# [PROBLEM DETAILS]
State how many lines in this listing include the word "forall", and nothing else.

════════════════

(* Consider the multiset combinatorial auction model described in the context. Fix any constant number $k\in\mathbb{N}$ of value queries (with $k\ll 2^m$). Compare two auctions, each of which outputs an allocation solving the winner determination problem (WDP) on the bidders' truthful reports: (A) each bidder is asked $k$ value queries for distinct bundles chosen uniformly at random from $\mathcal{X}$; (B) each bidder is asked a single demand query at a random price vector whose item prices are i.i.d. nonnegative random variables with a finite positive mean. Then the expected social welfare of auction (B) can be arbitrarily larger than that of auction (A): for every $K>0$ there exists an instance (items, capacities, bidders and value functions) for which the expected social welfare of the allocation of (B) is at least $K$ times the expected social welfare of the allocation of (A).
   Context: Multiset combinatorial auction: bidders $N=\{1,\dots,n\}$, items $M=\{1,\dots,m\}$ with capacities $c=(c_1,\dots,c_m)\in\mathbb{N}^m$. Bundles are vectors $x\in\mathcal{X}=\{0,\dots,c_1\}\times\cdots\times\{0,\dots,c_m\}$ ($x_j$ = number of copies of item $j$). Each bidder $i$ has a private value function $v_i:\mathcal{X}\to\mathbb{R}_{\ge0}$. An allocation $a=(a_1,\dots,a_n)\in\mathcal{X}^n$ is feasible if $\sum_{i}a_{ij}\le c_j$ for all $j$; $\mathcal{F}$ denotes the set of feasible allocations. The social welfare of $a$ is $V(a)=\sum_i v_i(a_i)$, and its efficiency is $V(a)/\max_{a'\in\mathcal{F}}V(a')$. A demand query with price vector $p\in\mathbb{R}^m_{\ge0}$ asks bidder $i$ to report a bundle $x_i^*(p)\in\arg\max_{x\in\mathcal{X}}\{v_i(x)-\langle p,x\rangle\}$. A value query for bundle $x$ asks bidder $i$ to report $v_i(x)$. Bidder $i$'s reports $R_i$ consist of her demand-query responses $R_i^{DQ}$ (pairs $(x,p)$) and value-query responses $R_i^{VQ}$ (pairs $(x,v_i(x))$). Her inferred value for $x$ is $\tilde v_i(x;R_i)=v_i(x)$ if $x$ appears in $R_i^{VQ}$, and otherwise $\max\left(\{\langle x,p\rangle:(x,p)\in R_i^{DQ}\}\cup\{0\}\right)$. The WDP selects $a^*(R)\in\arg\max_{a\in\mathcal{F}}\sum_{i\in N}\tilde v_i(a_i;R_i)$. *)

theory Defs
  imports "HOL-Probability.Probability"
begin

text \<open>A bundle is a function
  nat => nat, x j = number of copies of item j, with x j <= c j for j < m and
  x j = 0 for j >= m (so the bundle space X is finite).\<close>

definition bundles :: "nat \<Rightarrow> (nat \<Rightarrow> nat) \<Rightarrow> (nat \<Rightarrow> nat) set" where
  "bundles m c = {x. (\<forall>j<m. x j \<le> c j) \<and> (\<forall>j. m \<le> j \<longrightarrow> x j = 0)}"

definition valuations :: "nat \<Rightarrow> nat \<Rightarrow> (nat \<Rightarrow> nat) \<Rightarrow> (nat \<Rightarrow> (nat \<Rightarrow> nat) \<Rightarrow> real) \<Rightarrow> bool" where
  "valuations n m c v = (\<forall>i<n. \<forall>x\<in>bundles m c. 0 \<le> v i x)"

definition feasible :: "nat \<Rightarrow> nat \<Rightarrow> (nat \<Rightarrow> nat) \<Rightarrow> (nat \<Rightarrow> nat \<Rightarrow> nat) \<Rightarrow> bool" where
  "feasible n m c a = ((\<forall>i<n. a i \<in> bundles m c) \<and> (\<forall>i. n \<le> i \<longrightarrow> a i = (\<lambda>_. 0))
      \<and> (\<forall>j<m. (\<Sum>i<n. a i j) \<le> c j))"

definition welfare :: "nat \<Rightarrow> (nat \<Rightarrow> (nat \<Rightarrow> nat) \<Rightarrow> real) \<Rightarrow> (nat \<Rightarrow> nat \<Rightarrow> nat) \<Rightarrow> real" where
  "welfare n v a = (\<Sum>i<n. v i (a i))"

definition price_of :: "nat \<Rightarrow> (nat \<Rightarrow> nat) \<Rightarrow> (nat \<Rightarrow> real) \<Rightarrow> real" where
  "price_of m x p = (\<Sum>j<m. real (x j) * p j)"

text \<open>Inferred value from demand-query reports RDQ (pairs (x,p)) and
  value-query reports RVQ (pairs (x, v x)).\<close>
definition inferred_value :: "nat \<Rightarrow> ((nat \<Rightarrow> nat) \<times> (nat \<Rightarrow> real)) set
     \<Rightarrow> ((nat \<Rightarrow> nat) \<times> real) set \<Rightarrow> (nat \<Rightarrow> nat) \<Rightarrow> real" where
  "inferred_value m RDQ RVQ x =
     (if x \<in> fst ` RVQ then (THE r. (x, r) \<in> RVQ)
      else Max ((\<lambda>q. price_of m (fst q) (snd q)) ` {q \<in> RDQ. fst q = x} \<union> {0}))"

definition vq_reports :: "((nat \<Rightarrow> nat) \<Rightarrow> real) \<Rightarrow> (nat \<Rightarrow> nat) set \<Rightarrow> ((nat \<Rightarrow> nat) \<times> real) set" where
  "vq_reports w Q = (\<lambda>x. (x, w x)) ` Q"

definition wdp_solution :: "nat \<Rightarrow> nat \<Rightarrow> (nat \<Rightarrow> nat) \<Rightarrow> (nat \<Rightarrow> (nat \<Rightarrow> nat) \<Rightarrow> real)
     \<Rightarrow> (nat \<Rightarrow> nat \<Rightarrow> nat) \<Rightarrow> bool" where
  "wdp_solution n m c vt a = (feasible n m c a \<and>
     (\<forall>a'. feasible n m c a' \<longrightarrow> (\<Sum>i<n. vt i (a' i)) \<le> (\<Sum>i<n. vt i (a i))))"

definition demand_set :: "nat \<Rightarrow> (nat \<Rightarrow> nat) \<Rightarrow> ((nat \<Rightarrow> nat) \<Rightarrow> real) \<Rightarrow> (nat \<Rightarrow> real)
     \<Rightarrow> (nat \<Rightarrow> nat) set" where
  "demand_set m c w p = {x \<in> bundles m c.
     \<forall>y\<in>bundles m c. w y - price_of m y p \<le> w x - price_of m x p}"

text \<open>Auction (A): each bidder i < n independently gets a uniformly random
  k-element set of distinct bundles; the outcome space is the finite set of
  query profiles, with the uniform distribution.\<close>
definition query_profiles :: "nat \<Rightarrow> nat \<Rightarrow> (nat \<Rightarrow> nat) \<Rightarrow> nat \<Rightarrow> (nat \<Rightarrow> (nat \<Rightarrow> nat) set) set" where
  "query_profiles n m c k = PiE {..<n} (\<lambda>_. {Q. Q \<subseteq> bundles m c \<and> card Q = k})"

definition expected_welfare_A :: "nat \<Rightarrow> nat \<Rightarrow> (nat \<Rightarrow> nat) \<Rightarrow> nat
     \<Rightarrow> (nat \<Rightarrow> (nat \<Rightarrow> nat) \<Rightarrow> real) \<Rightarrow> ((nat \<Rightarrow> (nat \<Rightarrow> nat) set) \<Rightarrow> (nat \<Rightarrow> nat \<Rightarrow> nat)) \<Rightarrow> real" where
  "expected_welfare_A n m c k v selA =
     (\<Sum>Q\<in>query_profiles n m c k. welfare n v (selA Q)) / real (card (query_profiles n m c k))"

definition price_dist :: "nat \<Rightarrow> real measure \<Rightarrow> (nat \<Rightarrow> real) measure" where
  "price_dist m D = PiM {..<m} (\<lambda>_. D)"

════════════════

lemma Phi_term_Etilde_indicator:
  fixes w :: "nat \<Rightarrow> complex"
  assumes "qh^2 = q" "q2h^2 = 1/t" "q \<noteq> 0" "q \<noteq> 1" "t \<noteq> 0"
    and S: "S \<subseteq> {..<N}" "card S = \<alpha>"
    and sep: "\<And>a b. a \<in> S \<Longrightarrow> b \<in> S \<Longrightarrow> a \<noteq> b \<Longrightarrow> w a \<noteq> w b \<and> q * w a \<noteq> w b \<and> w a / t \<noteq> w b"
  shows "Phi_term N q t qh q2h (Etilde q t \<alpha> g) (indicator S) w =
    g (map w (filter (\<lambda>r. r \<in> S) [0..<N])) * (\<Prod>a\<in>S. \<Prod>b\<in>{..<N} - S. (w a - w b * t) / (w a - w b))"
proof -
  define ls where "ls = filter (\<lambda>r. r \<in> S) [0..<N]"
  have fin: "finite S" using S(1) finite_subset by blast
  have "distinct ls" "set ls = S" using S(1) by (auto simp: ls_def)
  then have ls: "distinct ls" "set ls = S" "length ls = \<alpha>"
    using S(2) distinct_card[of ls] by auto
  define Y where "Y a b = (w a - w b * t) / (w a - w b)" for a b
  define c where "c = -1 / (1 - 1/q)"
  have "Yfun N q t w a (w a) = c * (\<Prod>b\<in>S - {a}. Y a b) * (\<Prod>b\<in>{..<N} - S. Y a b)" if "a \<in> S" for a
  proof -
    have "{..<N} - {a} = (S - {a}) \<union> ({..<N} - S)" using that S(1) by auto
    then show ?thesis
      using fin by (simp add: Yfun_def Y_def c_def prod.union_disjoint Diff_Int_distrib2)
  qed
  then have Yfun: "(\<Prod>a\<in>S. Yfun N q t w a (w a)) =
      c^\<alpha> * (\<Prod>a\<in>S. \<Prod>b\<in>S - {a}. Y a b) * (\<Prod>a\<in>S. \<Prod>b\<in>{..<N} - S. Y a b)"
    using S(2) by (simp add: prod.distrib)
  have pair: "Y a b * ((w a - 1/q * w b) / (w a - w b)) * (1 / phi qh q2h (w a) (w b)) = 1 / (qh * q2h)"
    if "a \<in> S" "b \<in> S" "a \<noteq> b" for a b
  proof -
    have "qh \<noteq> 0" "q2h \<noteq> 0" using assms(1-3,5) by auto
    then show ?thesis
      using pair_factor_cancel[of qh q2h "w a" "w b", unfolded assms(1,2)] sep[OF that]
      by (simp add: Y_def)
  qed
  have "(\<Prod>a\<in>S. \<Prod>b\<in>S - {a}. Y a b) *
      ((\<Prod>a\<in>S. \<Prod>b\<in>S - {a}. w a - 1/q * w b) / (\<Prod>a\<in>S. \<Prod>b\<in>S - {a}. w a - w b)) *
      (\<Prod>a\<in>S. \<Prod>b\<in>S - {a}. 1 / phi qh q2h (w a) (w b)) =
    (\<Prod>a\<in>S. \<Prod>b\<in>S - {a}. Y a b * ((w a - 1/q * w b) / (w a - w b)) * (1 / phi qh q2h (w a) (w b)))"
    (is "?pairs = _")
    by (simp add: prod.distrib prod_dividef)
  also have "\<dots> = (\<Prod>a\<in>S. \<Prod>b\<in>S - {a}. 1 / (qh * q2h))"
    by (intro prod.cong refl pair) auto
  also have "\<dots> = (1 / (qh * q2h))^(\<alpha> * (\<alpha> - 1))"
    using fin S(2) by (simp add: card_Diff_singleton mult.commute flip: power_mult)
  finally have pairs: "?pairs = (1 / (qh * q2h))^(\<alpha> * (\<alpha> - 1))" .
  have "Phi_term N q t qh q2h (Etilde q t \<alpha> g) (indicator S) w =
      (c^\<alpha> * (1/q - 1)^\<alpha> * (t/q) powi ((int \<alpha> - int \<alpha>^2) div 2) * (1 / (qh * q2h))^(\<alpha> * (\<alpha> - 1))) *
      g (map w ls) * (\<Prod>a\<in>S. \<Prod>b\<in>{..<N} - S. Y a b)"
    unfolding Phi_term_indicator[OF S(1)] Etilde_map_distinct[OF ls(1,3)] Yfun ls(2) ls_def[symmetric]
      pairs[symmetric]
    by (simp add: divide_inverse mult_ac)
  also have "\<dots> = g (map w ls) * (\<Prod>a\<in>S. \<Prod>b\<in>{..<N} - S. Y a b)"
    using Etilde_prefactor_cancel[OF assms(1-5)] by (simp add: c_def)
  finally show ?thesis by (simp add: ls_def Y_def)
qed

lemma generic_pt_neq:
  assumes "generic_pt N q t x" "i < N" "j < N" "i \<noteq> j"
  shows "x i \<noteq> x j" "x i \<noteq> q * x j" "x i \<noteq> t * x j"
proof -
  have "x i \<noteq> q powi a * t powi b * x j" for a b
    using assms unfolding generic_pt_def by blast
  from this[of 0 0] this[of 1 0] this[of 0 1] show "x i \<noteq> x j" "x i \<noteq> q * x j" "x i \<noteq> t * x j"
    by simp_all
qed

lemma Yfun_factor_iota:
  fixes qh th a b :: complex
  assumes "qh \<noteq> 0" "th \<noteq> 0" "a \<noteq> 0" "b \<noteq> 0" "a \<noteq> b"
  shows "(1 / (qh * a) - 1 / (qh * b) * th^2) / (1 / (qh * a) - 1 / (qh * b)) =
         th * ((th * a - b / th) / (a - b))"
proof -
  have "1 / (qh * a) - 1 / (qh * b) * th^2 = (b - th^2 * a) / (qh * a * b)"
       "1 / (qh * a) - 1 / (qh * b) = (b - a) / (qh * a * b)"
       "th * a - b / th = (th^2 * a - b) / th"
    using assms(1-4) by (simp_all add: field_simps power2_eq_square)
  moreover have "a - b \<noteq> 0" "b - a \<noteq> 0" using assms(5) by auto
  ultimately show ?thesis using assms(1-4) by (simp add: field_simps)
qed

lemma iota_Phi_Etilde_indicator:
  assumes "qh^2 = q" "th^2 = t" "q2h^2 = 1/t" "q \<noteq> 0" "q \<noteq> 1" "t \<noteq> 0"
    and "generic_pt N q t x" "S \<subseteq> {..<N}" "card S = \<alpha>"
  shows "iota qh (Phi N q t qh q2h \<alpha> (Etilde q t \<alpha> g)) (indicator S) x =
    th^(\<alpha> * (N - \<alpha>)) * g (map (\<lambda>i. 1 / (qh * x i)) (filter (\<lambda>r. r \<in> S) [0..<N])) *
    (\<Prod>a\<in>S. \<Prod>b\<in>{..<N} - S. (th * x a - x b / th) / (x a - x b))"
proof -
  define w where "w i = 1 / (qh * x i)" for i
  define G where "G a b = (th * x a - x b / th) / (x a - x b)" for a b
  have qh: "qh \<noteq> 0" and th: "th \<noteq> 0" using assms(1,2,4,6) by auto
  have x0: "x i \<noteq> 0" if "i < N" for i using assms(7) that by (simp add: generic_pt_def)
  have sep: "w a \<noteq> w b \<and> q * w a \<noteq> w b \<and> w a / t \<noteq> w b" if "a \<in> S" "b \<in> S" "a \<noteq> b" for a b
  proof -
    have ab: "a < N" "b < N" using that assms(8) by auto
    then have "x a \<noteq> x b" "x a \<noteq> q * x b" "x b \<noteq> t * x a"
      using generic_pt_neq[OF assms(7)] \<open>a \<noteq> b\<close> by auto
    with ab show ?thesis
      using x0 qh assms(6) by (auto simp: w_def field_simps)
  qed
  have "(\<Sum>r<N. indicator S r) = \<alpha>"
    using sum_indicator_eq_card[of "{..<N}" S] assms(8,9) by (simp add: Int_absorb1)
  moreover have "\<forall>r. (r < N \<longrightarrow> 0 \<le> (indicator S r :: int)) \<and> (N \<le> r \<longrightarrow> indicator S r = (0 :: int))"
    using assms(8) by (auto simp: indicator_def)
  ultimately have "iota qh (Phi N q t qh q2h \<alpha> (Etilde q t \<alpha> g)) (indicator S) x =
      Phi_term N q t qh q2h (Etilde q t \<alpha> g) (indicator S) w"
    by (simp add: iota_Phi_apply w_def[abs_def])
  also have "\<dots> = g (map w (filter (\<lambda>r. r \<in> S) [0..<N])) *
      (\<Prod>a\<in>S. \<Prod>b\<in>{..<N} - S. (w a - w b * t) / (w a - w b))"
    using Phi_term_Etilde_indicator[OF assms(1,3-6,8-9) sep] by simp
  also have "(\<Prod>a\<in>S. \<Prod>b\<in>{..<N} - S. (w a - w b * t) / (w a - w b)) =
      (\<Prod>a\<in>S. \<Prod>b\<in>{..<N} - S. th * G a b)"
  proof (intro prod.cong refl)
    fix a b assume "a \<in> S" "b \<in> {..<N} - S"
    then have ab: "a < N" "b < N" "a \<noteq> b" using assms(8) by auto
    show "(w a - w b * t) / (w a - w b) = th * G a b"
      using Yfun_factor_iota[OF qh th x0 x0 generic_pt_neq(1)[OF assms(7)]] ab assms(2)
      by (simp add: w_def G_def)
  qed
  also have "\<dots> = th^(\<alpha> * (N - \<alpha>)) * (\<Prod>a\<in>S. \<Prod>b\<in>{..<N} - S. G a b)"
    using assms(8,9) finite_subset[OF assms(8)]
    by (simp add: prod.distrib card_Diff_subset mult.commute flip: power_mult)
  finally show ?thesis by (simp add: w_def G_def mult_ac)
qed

════════════════

# [TASK SOLUTION]
7